If you are ready to start your data engineering journey, it is time to have a look at the study options that would fit you personally and meet your learning goals. In general, data engineering courses comprise some basic skills and processes that, or data engineering fundamentals, will help you get an overview of what working in a big data ecosystem is like.
Usually, data engineering courses include the following:
Some online data engineering courses not only offer a chance to learn data engineering in theory but also give the opportunity to work on a capstone project at the end of the learning process.
These real-world projects will show your potential employer that you are ready to become a successful data engineer and can apply your skills in building cloud-based data warehouses, supporting machine learning models, navigating through a data engineering ecosystem, and implementing data engineering solutions in real life.
We can suggest a few criteria that will make it a bit easier for you to single out what exactly you need:
It is easy to get lost in a wide variety of information and find it hard to make the right choice, especially in terms of learning courses. Consider the options carefully, scale up the benefits and effort needed and pick the right course you prefer!
Of course, you can. With the development of online education, it is possible to take almost any course online, and a data engineering course is not an exception. In the course of study, you will learn data analysis and get familiar with big data tools and big data concepts, data modelling, and data infrastructure. You will also have the chance to work on your data engineering portfolio project that will showcase your skills.

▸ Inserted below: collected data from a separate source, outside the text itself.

lemma complete_if_adj_anticomplete:
  assumes k: "k \<in> V" "k \<notin> set vs" and z: "z \<in> V" "z \<notin> set vs"
    and "E k z" and z_anti: "\<forall>x\<in>set vs. \<not> E z x" and k_nbr: "\<exists>x\<in>set vs. E k x"
  shows "\<forall>x\<in>set vs. E k x"
proof (rule ccontr)
  assume "\<not> (\<forall>x\<in>set vs. E k x)"
  then obtain t where t: "\<not> E k (cyc t)"
    by (metis add_0 ex_cyc_offset)
  have "z \<noteq> k"
    using \<open>E k z\<close> simple_graph_irrefl[OF simple] k by blast
  have no_pair: False if "\<not> E k (cyc s)" "\<not> E k (cyc (s+1))" for s
    using anticomplete_if_nonadj_consecutive[OF k that] k_nbr by blast
  have "\<not> E k (cyc (s+2))" if "\<not> E k (cyc s)" for s
  proof
    assume "E k (cyc (s+2))"
    define p where "p c = cyc (s+c)" for c
    note W = window_adj[where t=s, folded p_def] window_eq[where t=s, folded p_def]
    have pV: "p c \<in> V" and kp: "k \<noteq> p c" "p c \<noteq> k" "z \<noteq> p c" "p c \<noteq> z"
      and S: "E (p c) k \<longleftrightarrow> E k (p c)" "E (p c) z \<longleftrightarrow> E z (p c)"
      and zp: "\<not> E z (p c)" for c
      unfolding p_def using cyc_in_V cyc_in_set k z adj_sym z_anti by metis+
    have "E z k"
      using \<open>E k z\<close> adj_sym k z by blast
    have h: "\<not> E k (p 0)" "E k (p 1)" "E k (p 2)"
      using that \<open>E k (cyc (s+2))\<close> no_pair[of s] unfolding p_def by auto
    show False
    proof (cases "E k (p 3)")
      case True
      then show False
        using banner_free has_induced_bannerI[OF simple, of k "p 2" "p 0" "p 3" z]
          W pV k z kp S zp \<open>E z k\<close> \<open>z \<noteq> k\<close> h by simp
    next
      case False
      then show False
        using C5_free has_induced_C5I[OF simple, of k "p 1" "p 3" "p 0" "p 2"] W pV k kp S h by simp
    qed
  qed
  then have "\<not> E k (cyc (t+1))"
    using cyc_shift_two_induct[of "\<lambda>v. \<not> E k v", OF t] by blast
  then show False using no_pair t by blast
qed

lemma adj_if_adj_anticomplete:
  assumes k: "k \<in> V" "k \<notin> set vs" and z: "z \<in> V" "z \<notin> set vs"
    and "E k z" and z_anti: "\<forall>x\<in>set vs. \<not> E z x" and k_compl: "\<forall>x\<in>set vs. E k x"
    and h: "h \<in> V" "h \<notin> set vs" "h \<noteq> k" "h \<noteq> z"
    and h_nbr: "\<exists>x\<in>set vs. E h x" and "\<not> E h z"
  shows "E k h"
proof (rule ccontr)
  assume "\<not> E k h"
  have no_pair: False if "\<not> E h (cyc s)" "\<not> E h (cyc (s+1))" for s
    using anticomplete_if_nonadj_consecutive[OF h(1,2) that] h_nbr by blast
  have "\<exists>q. E h (cyc q) \<and> E h (cyc (q+1))"
  proof (rule ccontr)
    assume no_adj_pair: "\<not> (\<exists>q. E h (cyc q) \<and> E h (cyc (q+1)))"
    obtain t where t: "E h (cyc t)"
      using h_nbr by (metis add_0 ex_cyc_offset)
    have "E h (cyc (s+2))" if "E h (cyc s)" for s
      using that no_adj_pair no_pair[of "s+1"] by (metis add.assoc one_add_one)
    then have "E h (cyc (t+1))"
      using cyc_shift_two_induct[of "\<lambda>v. E h v", OF t] by blast
    with t no_adj_pair show False by blast
  qed
  then obtain q where q: "E h (cyc q)" "E h (cyc (q+1))" by blast
  define p where "p c = cyc (q+c)" for c
  note W = window_adj[where t=q, folded p_def] window_eq[where t=q, folded p_def]
  have pV: "p c \<in> V" and kp: "k \<noteq> p c" "p c \<noteq> k" "z \<noteq> p c" "p c \<noteq> z" "h \<noteq> p c" "p c \<noteq> h"
    and S: "E (p c) k \<longleftrightarrow> E k (p c)" "E (p c) h \<longleftrightarrow> E h (p c)" "E (p c) z \<longleftrightarrow> E z (p c)"
    and zp: "\<not> E z (p c)" and kp2: "E k (p c)" for c
    unfolding p_def using cyc_in_V cyc_in_set k z h adj_sym z_anti k_compl by metis+
  have "z \<noteq> k"
    using \<open>E k z\<close> simple_graph_irrefl[OF simple] k by blast
  moreover have "E z k" "\<not> E z h"
    using \<open>E k z\<close> \<open>\<not> E h z\<close> adj_sym k z h by blast+
  moreover have "E h (p 0)" "E h (p 1)"
    using q unfolding p_def by auto
  ultimately show False
    using banner_free has_induced_bannerI[OF simple, of k "p 0" h "p 1" z]
      W pV k z h kp S zp kp2 \<open>\<not> E k h\<close> by simp
qed

definition Z :: "'a set" where
  "Z = {x \<in> V. x \<notin> set vs \<and> (\<forall>y\<in>set vs. \<not> E x y)}"

definition K :: "'a set" where
  "K = {x \<in> V. x \<notin> Z \<and> (\<exists>z\<in>Z. E x z)}"

definition H :: "'a set" where
  "H = V - Z - K"

lemma co_triangle_meets_Z:
  assumes T: "co_triangle V E T" and two: "2 \<le> card (T \<inter> set vs)"
  shows "T \<inter> Z \<noteq> {}"
proof -
  have TV: "T \<subseteq> V" and "card T = 3" and indep: "\<forall>x\<in>T. \<forall>y\<in>T. \<not> E x y"
    using T unfolding co_triangle_def by auto
  then have "finite T" by (simp add: card_ge_0_finite)
  obtain x y where xy: "x \<in> T \<inter> set vs" "y \<in> T \<inter> set vs" "x \<noteq> y"
    using two card_le_Suc0_iff_eq[of "T \<inter> set vs"] \<open>finite T\<close> by force
  have "\<not> T \<subseteq> {x, y}"
  proof
    assume "T \<subseteq> {x, y}"
    then have "card T \<le> card {x, y}" by (simp add: card_mono)
    also have "\<dots> \<le> 2" by (simp add: card_insert_if)
    finally show False using \<open>card T = 3\<close> by simp
  qed
  then obtain w where w: "w \<in> T" "w \<noteq> x" "w \<noteq> y" by blast
  have "w \<notin> set vs"
    using no_co_triangle_in_cycle[of x y w] length_ge_7 xy w indep by auto
  moreover obtain t where "x = cyc t \<and> y = cyc (t+1) \<or> y = cyc t \<and> x = cyc (t+1)"
    using nonadj_consecutive[of x y] xy indep by auto
  then have "\<not> E w (cyc t)" "\<not> E w (cyc (t+1))"
    using indep xy w by auto
  ultimately have "w \<in> Z"
    unfolding Z_def using anticomplete_if_nonadj_consecutive[of w t] w TV by auto
  with w show ?thesis by blast
qed

lemma set_subset_H: "set vs \<subseteq> H"
  unfolding H_def K_def Z_def using vs_V adj_sym by blast

lemma Z_anticomplete_H: "v \<in> Z \<Longrightarrow> h \<in> H \<Longrightarrow> \<not> E v h"
  unfolding H_def K_def Z_def using adj_sym by blast

lemma K_complete_H:
  assumes "v \<in> K" "h \<in> H"
  shows "E v h"
proof -
  obtain z where z: "z \<in> Z" "E v z" and v: "v \<in> V" "v \<notin> Z"
    using assms(1) unfolding K_def by blast
  have z_props: "z \<in> V" "z \<notin> set vs" "\<forall>y\<in>set vs. \<not> E z y"
    using z unfolding Z_def by auto
  then have "v \<notin> set vs"
    using z adj_sym v by blast
  moreover have "\<exists>y\<in>set vs. E v y"
    using v \<open>v \<notin> set vs\<close> unfolding Z_def by blast
  ultimately have v_compl: "\<forall>x\<in>set vs. E v x"
    using complete_if_adj_anticomplete[of v z] v z z_props by blast
  show ?thesis
  proof (cases "h \<in> set vs")
    case False
    have h: "h \<in> V" "h \<notin> Z" "h \<notin> K"
      using assms(2) unfolding H_def by auto
    then have "\<exists>y\<in>set vs. E h y" and "\<not> E h z" and "h \<noteq> v" "h \<noteq> z"
      using False z assms(1) unfolding Z_def K_def by auto
    then show ?thesis
      using adj_if_adj_anticomplete[of v z h] v \<open>v \<notin> set vs\<close> z z_props v_compl h False by blast
  qed (use v_compl in blast)
qed

lemma homogeneous_H:
  assumes "Z \<noteq> {}"
  shows "homogeneous V E H"
proof -
  have finite: "finite V"
    using simple unfolding simple_graph_def by blast
  have "H \<subseteq> V"
    unfolding H_def by blast
  moreover have "2 \<le> card H"
    using card_mono[OF finite_subset[OF \<open>H \<subseteq> V\<close> finite] set_subset_H] length_ge_7
      distinct_card[OF distinct_vs] by simp
  moreover have "H \<subset> V"
    using \<open>H \<subseteq> V\<close> assms unfolding H_def Z_def by blast
  then have "card H < card V"
    using psubset_card_mono finite by blast
  moreover have "V - H \<subseteq> Z \<union> K"
    unfolding H_def by blast
  ultimately show ?thesis
    unfolding homogeneous_def using Z_anticomplete_H K_complete_H by blast
qed

lemma co_triangle_in_H: "co_triangle H E T \<Longrightarrow> card (T \<inter> set vs) < 2"
  using co_triangle_meets_Z[of T] unfolding co_triangle_def H_def by fastforce

end

theorem lemma3:
  fixes V :: "'a set" and E :: "'a \<Rightarrow> 'a \<Rightarrow> bool" and A :: "'a set"
  assumes "simple_graph V E"
    and "\<not> has_induced_banner V E"
    and "\<not> has_induced_C5 V E"
    and "odd_antihole V E A"
    and "\<exists>T. co_triangle V E T \<and> card (T \<inter> A) \<ge> 2"
  shows "\<exists>H. homogeneous V E H \<and> A \<subseteq> H \<and>
           (\<forall>T. co_triangle H E T \<longrightarrow> card (T \<inter> A) < 2)"
proof -
  from assms(4) obtain vs where vs: "set vs = A" "A \<subseteq> V" "4 \<le> length vs"
      "induced_cycle (compl_adj E) vs" and "odd (card A)"
    unfolding odd_antihole_def odd_hole_def hole_def by blast
  interpret antihole_cycle V E vs
    using assms(1) vs by unfold_locales auto
  have "odd (length vs)"
    using \<open>odd (card A)\<close> vs(1) distinct_card distinct_vs by metis
  moreover have "length vs \<noteq> 5"
    using has_induced_C5_if_length_5 assms(3) by blast
  ultimately have "7 \<le> length vs"
    using vs(3) by presburger
  then interpret banner_free_antihole V E vs
    using \<open>odd (length vs)\<close> assms(2,3) by unfold_locales
  have "Z \<noteq> {}"
    using assms(5) co_triangle_meets_Z vs(1) by blast
  then show ?thesis
    using homogeneous_H set_subset_H co_triangle_in_H vs(1) by blast
qed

If you have good skills in computing and mathematics, you can learn them yourself. However, if you want a professional tutor to guide you and monitor your work, we recommend browsing through the best data engineering courses available. They usually take up to 10 hours per week and will provide you with career services such as access to some necessary tools.
Every program has its distinctive features; for example, if you take the Data Engineer Nanodegree Program, you will learn all the skills that are a must in the world of data. If you enrol for a Professional Certificate in Data Engineering, you will focus on some basic skills that will allow you to take your first steps in the field, whereas the Google Cloud certificate will center around the Google cloud platform. But as a core, you will definitely learn to extract data, deal with a data pipeline, build data warehouses and work with data lakes.
The cost of the program depends on many factors, whether you wish to audit the course or take advantage of working together with a mentor, whether you desire to finish with a capstone project, or whether a certificate is enough. Different schools and platforms have a range of options and courses to choose from, so it is your choice to compare and analyze them in terms of price, too.